[Your task]: Your task is to copy each line of the material that holds the word "fixes".

[Dataset content]:
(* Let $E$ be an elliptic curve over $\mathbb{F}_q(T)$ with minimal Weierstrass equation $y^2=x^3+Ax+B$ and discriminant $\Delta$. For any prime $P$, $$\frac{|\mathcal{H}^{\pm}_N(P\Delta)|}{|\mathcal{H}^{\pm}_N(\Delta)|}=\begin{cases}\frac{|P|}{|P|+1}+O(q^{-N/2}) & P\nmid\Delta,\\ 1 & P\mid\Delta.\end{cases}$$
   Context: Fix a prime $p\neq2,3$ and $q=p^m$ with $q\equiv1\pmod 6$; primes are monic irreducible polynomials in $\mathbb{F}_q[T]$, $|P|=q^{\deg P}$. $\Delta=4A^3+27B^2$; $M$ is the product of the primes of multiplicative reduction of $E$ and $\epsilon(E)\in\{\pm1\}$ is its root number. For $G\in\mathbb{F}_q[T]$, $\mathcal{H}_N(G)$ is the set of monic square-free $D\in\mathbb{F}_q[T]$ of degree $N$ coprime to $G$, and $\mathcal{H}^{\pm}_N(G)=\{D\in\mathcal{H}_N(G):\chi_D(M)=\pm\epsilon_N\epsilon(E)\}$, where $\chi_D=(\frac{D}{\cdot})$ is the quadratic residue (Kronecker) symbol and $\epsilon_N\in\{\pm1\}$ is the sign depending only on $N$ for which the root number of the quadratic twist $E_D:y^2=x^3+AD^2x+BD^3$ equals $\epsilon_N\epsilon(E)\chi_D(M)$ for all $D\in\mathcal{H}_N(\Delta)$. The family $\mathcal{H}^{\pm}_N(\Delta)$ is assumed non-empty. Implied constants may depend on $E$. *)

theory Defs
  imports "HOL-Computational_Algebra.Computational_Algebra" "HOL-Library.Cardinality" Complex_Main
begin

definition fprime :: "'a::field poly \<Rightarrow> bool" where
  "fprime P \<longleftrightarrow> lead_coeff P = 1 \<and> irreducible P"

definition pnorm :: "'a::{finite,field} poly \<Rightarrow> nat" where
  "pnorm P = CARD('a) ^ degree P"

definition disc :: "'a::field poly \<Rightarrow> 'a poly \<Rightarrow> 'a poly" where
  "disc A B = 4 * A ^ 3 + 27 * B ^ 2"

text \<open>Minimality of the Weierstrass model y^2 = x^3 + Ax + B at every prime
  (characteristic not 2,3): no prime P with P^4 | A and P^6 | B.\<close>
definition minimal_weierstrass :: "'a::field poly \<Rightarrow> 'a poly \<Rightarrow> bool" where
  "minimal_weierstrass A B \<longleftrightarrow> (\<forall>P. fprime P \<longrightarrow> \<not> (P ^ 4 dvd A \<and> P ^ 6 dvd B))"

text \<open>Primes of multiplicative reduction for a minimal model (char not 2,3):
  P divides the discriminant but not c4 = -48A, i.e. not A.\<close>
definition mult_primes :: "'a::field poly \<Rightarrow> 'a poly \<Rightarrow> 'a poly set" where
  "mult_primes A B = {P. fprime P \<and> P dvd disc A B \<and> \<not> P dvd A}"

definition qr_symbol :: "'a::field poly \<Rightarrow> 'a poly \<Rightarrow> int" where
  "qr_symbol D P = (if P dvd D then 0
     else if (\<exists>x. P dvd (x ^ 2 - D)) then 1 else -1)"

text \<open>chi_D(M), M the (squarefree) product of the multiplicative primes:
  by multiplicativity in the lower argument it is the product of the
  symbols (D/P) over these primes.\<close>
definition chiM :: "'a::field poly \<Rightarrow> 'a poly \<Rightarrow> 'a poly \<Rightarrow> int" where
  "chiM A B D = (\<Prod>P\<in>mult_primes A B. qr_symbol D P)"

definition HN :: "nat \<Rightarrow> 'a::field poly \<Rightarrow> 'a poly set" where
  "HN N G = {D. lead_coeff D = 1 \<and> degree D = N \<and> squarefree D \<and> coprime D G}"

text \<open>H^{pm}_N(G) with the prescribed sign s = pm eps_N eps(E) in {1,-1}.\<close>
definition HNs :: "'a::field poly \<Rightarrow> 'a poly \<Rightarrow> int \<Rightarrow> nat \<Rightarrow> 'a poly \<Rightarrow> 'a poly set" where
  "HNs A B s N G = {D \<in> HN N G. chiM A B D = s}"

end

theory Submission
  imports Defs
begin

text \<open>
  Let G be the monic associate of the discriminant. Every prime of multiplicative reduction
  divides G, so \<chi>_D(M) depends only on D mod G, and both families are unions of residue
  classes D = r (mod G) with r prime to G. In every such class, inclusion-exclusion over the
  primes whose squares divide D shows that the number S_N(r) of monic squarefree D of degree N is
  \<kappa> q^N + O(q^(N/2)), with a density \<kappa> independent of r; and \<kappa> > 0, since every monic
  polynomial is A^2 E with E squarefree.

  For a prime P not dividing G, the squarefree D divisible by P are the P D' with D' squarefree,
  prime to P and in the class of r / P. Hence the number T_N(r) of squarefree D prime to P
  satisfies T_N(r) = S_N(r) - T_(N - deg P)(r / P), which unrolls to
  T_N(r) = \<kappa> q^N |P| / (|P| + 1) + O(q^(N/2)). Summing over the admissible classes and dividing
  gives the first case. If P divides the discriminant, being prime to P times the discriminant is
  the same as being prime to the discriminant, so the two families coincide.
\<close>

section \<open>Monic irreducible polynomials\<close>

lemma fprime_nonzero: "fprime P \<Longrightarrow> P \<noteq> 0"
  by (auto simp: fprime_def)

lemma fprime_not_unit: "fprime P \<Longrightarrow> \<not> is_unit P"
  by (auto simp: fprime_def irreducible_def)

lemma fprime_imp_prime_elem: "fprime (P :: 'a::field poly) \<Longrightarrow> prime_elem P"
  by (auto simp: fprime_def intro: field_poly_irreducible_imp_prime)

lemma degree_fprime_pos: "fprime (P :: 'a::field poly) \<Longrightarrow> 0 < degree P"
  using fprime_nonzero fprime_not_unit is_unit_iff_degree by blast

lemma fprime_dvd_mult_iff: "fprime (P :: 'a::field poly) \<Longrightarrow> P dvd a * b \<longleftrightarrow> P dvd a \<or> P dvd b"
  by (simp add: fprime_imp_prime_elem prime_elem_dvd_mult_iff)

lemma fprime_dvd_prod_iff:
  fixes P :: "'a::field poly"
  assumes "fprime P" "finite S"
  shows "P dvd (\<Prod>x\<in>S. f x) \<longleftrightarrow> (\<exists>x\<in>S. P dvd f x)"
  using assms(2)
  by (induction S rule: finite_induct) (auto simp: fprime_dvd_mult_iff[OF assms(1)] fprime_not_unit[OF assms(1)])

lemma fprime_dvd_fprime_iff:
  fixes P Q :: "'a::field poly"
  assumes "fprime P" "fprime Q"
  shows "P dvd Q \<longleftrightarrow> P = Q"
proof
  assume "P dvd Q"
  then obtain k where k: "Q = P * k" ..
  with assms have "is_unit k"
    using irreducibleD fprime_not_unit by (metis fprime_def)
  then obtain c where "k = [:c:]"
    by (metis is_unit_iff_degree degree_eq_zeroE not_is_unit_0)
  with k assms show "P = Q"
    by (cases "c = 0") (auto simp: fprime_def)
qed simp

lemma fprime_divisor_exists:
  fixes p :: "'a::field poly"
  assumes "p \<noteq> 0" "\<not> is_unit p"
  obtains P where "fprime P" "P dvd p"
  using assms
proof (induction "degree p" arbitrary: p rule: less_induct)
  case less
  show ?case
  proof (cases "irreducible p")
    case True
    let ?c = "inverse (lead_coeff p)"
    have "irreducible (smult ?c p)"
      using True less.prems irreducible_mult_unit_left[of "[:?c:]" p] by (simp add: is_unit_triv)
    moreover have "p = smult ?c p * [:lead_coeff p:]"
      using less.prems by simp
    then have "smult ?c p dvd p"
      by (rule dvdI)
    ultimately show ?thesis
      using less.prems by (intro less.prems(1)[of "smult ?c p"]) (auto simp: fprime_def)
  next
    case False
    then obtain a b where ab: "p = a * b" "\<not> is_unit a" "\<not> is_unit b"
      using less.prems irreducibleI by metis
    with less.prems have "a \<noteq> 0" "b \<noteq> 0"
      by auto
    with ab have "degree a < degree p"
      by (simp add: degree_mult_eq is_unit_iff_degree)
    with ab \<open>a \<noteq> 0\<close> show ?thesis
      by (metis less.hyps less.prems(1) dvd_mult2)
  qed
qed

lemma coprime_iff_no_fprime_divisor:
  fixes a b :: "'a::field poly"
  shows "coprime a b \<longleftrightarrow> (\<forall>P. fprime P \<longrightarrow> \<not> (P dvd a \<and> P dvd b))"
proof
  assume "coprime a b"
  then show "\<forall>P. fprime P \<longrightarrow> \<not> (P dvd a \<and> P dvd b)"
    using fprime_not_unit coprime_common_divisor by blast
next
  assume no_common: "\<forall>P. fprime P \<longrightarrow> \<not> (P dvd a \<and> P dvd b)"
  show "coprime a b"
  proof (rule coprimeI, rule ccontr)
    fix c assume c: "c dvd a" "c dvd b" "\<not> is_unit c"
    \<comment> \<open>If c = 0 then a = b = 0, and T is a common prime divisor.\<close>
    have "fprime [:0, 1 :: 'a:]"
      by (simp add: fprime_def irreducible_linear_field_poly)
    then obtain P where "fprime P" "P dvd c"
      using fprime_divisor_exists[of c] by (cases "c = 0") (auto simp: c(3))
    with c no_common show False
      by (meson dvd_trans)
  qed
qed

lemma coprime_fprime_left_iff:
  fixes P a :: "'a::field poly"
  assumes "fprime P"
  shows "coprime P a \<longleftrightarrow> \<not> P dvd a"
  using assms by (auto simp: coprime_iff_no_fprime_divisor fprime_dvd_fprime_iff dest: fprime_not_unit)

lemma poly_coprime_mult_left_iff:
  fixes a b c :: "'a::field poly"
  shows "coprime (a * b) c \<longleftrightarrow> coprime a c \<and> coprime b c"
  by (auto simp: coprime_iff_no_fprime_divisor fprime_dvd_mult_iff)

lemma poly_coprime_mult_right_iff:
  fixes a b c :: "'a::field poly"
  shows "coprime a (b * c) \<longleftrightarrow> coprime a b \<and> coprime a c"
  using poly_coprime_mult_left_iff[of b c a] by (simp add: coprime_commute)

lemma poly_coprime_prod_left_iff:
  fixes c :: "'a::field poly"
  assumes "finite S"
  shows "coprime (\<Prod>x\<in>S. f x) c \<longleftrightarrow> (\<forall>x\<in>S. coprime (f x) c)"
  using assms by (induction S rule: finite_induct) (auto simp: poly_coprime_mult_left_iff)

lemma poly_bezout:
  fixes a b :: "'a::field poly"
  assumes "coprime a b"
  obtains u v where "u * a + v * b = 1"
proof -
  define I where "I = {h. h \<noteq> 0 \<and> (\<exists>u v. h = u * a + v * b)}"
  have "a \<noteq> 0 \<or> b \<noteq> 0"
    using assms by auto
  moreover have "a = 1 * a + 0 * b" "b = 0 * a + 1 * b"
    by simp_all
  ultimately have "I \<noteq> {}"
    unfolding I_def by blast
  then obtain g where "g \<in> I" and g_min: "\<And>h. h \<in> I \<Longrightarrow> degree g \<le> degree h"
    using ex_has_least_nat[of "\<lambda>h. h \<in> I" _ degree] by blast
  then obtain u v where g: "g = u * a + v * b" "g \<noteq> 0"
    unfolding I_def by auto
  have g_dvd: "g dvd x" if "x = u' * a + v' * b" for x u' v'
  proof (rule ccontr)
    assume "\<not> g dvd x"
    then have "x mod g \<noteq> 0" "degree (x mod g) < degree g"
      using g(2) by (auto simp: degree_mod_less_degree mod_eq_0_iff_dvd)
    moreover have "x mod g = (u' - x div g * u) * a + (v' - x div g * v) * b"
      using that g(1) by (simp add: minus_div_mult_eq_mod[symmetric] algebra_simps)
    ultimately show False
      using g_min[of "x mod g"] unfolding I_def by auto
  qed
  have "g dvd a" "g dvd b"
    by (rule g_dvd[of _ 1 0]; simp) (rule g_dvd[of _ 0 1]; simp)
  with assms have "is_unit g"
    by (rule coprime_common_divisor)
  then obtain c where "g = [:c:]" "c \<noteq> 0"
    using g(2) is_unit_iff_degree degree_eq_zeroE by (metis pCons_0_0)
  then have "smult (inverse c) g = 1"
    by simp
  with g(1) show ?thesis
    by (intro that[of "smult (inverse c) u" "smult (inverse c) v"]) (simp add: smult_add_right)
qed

[Written solution]:
  fixes P :: "'a::field poly"
  fixes P Q :: "'a::field poly"
  fixes p :: "'a::field poly"
  fixes a b :: "'a::field poly"
  fixes P a :: "'a::field poly"
  fixes a b c :: "'a::field poly"
  fixes a b c :: "'a::field poly"
  fixes c :: "'a::field poly"
  fixes a b :: "'a::field poly"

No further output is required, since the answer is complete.